Check each line of the data below for the string "shows", then report how many lines have it and nothing else.

——————

(* Let $q$ be an odd prime and let $(G,H,T)$ be the envelope of a right conjugacy closed loop of order $2q$. Let $K$ be a subgroup with $H\lneq K\lneq G$, $|G:K|=q$ and $|K:H|=2$. If $K\trianglelefteq G$, then $G$ is abelian and $H=1$.
   Context: For a finite loop $\mathcal{L}$ with identity $e$: $G=\langle R_a\mid a\in\mathcal L\rangle$ with $R_a\colon x\mapsto xa$, $H$ the stabilizer of $e$ in $G$, $T=\{R_a\}$; $(G,H,T)$ is the envelope; the loop is right conjugacy closed if $T$ is a union of conjugacy classes of $G$. *)

theory Defs
  imports "HOL-Algebra.Algebra"
begin

definition is_loop :: "'a set \<Rightarrow> ('a \<Rightarrow> 'a \<Rightarrow> 'a) \<Rightarrow> 'a \<Rightarrow> bool" where
  "is_loop L m e \<longleftrightarrow> e \<in> L \<and> (\<forall>a\<in>L. \<forall>b\<in>L. m a b \<in> L)
     \<and> (\<forall>a\<in>L. m e a = a \<and> m a e = a)
     \<and> (\<forall>a\<in>L. \<forall>b\<in>L. \<exists>!x. x \<in> L \<and> m a x = b)
     \<and> (\<forall>a\<in>L. \<forall>b\<in>L. \<exists>!y. y \<in> L \<and> m y a = b)"

definition Rmap :: "'a set \<Rightarrow> ('a \<Rightarrow> 'a \<Rightarrow> 'a) \<Rightarrow> 'a \<Rightarrow> ('a \<Rightarrow> 'a)" where
  "Rmap L m a = (\<lambda>x\<in>L. m x a)"

definition env_T :: "'a set \<Rightarrow> ('a \<Rightarrow> 'a \<Rightarrow> 'a) \<Rightarrow> ('a \<Rightarrow> 'a) set" where
  "env_T L m = Rmap L m ` L"
(* Let $I=\{1,\dots,k+\ell\}\subseteq V$ where $C_1=\{1,\dots,k\}$ and $C_2=\{k+1,\dots,k+\ell\}$ are disjoint cliques of $G$ with no edges between $C_1$ and $C_2$. Let $X_I$ be a symmetric matrix with $X_I\succeq 0$, $X_I\geq 0$ (entrywise), diagonal entries $x_1,\dots,x_{k+\ell}$, $(X_I)_{i,j}=0$ whenever $i\neq j$ lie in the same clique $C_1$ or $C_2$, and entries $X_{i,k+j}$ for $1\leq i\leq k$, $1\leq j\leq \ell$. Then $X_I\in\mathrm{STAB}^2(G_I)$ if and only if $$\sum_{j=1}^{\ell}X_{i,k+j}\leq x_i\ (1\leq i\leq k),\qquad \sum_{i=1}^{k}X_{i,k+j}\leq x_{k+j}\ (1\leq j\leq \ell),\qquad \sum_{i=1}^{k+\ell}x_i\leq 1+\sum_{i=1}^k\sum_{j=1}^{\ell}X_{i,k+j}.$$
   Context: Let $G$ be a simple graph with vertex set $V=\{1,\dots,n\}$ and edge set $E$; $G_I$ denotes the subgraph induced by $I\subseteq V$. For a graph $H$ with vertex set $I$, let $S(H)=\{s\in\{0,1\}^I: s_is_j=0\ \forall [i,j]\in E(H)\}$ (incidence vectors of stable sets, including the zero vector) and $\mathrm{STAB}^2(H)=\operatorname{conv}\{ss^T: s\in S(H)\}$. *)

theory Defs
  imports "HOL-Analysis.Analysis"
begin

text \<open>Matrices indexed by a finite set I of vertices are functions nat => nat => real;
only the entries on I x I are relevant. A graph H on vertex set I is given by an
edge relation E; the induced subgraph G_I has the edges of G between vertices of I.\<close>

text \<open>S(G_I): stable sets of the induced subgraph on I (as subsets of I,
identified with their incidence vectors; includes the empty set).\<close>
definition stable_sets :: "(nat \<Rightarrow> nat \<Rightarrow> bool) \<Rightarrow> nat set \<Rightarrow> nat set set" where
  "stable_sets E I = {S. S \<subseteq> I \<and> (\<forall>i\<in>S. \<forall>j\<in>S. i \<noteq> j \<longrightarrow> \<not> E i j)}"

definition outer_ind :: "nat set \<Rightarrow> nat \<Rightarrow> nat \<Rightarrow> real" where
  "outer_ind S i j = indicator S i * indicator S j"

text \<open>STAB^2(G_I) = conv {s s^T : s in S(G_I)}, a convex hull of a finite set,
written out as the set of convex combinations (matrices compared on I x I).\<close>
definition STAB2 :: "(nat \<Rightarrow> nat \<Rightarrow> bool) \<Rightarrow> nat set \<Rightarrow> (nat \<Rightarrow> nat \<Rightarrow> real) set" where
  "STAB2 E I = {X. \<exists>w::nat set \<Rightarrow> real.
      (\<forall>S\<in>stable_sets E I. 0 \<le> w S) \<and> (\<Sum>S\<in>stable_sets E I. w S) = 1 \<and>
      (\<forall>i\<in>I. \<forall>j\<in>I. X i j = (\<Sum>S\<in>stable_sets E I. w S * outer_ind S i j))}"

definition symmetric_on :: "nat set \<Rightarrow> (nat \<Rightarrow> nat \<Rightarrow> real) \<Rightarrow> bool" where
  "symmetric_on I X \<longleftrightarrow> (\<forall>i\<in>I. \<forall>j\<in>I. X i j = X j i)"

definition psd_on :: "nat set \<Rightarrow> (nat \<Rightarrow> nat \<Rightarrow> real) \<Rightarrow> bool" where
  "psd_on I X \<longleftrightarrow> symmetric_on I X \<and>
     (\<forall>v::nat \<Rightarrow> real. 0 \<le> (\<Sum>i\<in>I. \<Sum>j\<in>I. v i * X i j * v j))"

end

theory Submission
  imports Defs
begin

text \<open>Since the two cliques have no edges between them, the stable sets of \<open>G_I\<close> are the
empty set, the singletons and the pairs \<open>{i, j}\<close> with \<open>i \<in> C\<^sub>1\<close>, \<open>j \<in> C\<^sub>2\<close>. For weights \<open>w\<close> on
these sets, the matrix \<open>\<Sum> w\<^sub>S s s\<^sup>T\<close> has cross entries \<open>w\<^bsub>{i,j}\<^esub>\<close>, diagonal entries \<open>w\<^bsub>{a}\<^esub>\<close> plus the
row (column) sum of cross entries, and vanishes elsewhere. Hence the weights representing \<open>X\<close>
are forced: \<open>X\<^sub>i\<^sub>j\<close> on pairs, the row and column slacks on singletons and, by total weight one,
the slack of the trace inequality on the empty set. The three inequalities say exactly that
these weights are nonnegative.\<close>

definition two_clique_stable_sets :: "'a set \<Rightarrow> 'a set \<Rightarrow> 'a set set" where
  "two_clique_stable_sets A B = insert {} ((\<lambda>a. {a}) ` (A \<union> B) \<union> (\<lambda>(i, j). {i, j}) ` (A \<times> B))"

lemma stable_sets_two_cliques:
  assumes "A \<inter> B = {}"
    and clique_A: "\<forall>i\<in>A. \<forall>j\<in>A. i \<noteq> j \<longrightarrow> E i j"
    and clique_B: "\<forall>i\<in>B. \<forall>j\<in>B. i \<noteq> j \<longrightarrow> E i j"
    and no_edges: "\<forall>i\<in>A. \<forall>j\<in>B. \<not> E i j \<and> \<not> E j i"
  shows "stable_sets E (A \<union> B) = two_clique_stable_sets A B"
proof
  show "stable_sets E (A \<union> B) \<subseteq> two_clique_stable_sets A B"
  proof
    fix S assume "S \<in> stable_sets E (A \<union> B)"
    then have S: "S \<subseteq> A \<union> B" and stable: "\<forall>i\<in>S. \<forall>j\<in>S. i \<noteq> j \<longrightarrow> \<not> E i j"
      by (auto simp: stable_sets_def)
    have "S \<inter> A = {} \<or> (\<exists>i\<in>A. S \<inter> A = {i})"
      using stable clique_A by blast
    moreover have "S \<inter> B = {} \<or> (\<exists>j\<in>B. S \<inter> B = {j})"
      using stable clique_B by blast
    moreover have "S = (S \<inter> A) \<union> (S \<inter> B)"
      using S by blast
    ultimately show "S \<in> two_clique_stable_sets A B"
      unfolding two_clique_stable_sets_def by (elim disjE bexE) force+
  qed
  show "two_clique_stable_sets A B \<subseteq> stable_sets E (A \<union> B)"
    using assms by (auto simp: two_clique_stable_sets_def stable_sets_def)
qed

lemma ball_two_clique_stable_sets:
  "(\<forall>S\<in>two_clique_stable_sets A B. P S)
    \<longleftrightarrow> P {} \<and> (\<forall>a\<in>A \<union> B. P {a}) \<and> (\<forall>i\<in>A. \<forall>j\<in>B. P {i, j})"
  by (auto simp: two_clique_stable_sets_def)

lemma sum_two_clique_stable_sets:
  assumes "finite A" "finite B" "A \<inter> B = {}"
  shows "(\<Sum>S\<in>two_clique_stable_sets A B. g S)
    = g {} + (\<Sum>a\<in>A \<union> B. g {a}) + (\<Sum>i\<in>A. \<Sum>j\<in>B. g {i, j})"
proof -
  have "inj_on (\<lambda>(i, j). {i, j}) (A \<times> B)"
    using assms(3) by (auto simp: inj_on_def doubleton_eq_iff)
  then have pairs: "(\<Sum>S\<in>(\<lambda>(i, j). {i, j}) ` (A \<times> B). g S) = (\<Sum>i\<in>A. \<Sum>j\<in>B. g {i, j})"
    by (simp add: sum.reindex sum.cartesian_product case_prod_unfold)
  have singletons: "(\<Sum>S\<in>(\<lambda>a. {a}) ` (A \<union> B). g S) = (\<Sum>a\<in>A \<union> B. g {a})"
    by (simp add: sum.reindex)
  have "(\<lambda>a. {a}) ` (A \<union> B) \<inter> (\<lambda>(i, j). {i, j}) ` (A \<times> B) = {}"
    using assms(3) by (auto simp: doubleton_eq_iff)
  then have "(\<Sum>S\<in>(\<lambda>a. {a}) ` (A \<union> B) \<union> (\<lambda>(i, j). {i, j}) ` (A \<times> B). g S)
      = (\<Sum>a\<in>A \<union> B. g {a}) + (\<Sum>i\<in>A. \<Sum>j\<in>B. g {i, j})"
    using assms(1,2) singletons pairs by (simp add: sum.union_disjoint)
  then show ?thesis
    using assms(1,2) unfolding two_clique_stable_sets_def by (subst sum.insert) (auto simp: add.assoc)
qed

definition outer_comb :: "(nat set \<Rightarrow> real) \<Rightarrow> nat set set \<Rightarrow> nat \<Rightarrow> nat \<Rightarrow> real" where
  "outer_comb w \<S> i j = (\<Sum>S\<in>\<S>. w S * outer_ind S i j)"

lemma STAB2_outer_comb:
  "X \<in> STAB2 E I \<longleftrightarrow> (\<exists>w. (\<forall>S\<in>stable_sets E I. 0 \<le> w S) \<and> sum w (stable_sets E I) = 1 \<and>
      (\<forall>i\<in>I. \<forall>j\<in>I. X i j = outer_comb w (stable_sets E I) i j))"
  by (simp add: STAB2_def outer_comb_def)

lemma outer_comb_commute: "outer_comb w \<S> i j = outer_comb w \<S> j i"
  by (simp add: outer_comb_def outer_ind_def mult.commute)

——————

### [Solution for this problem]
2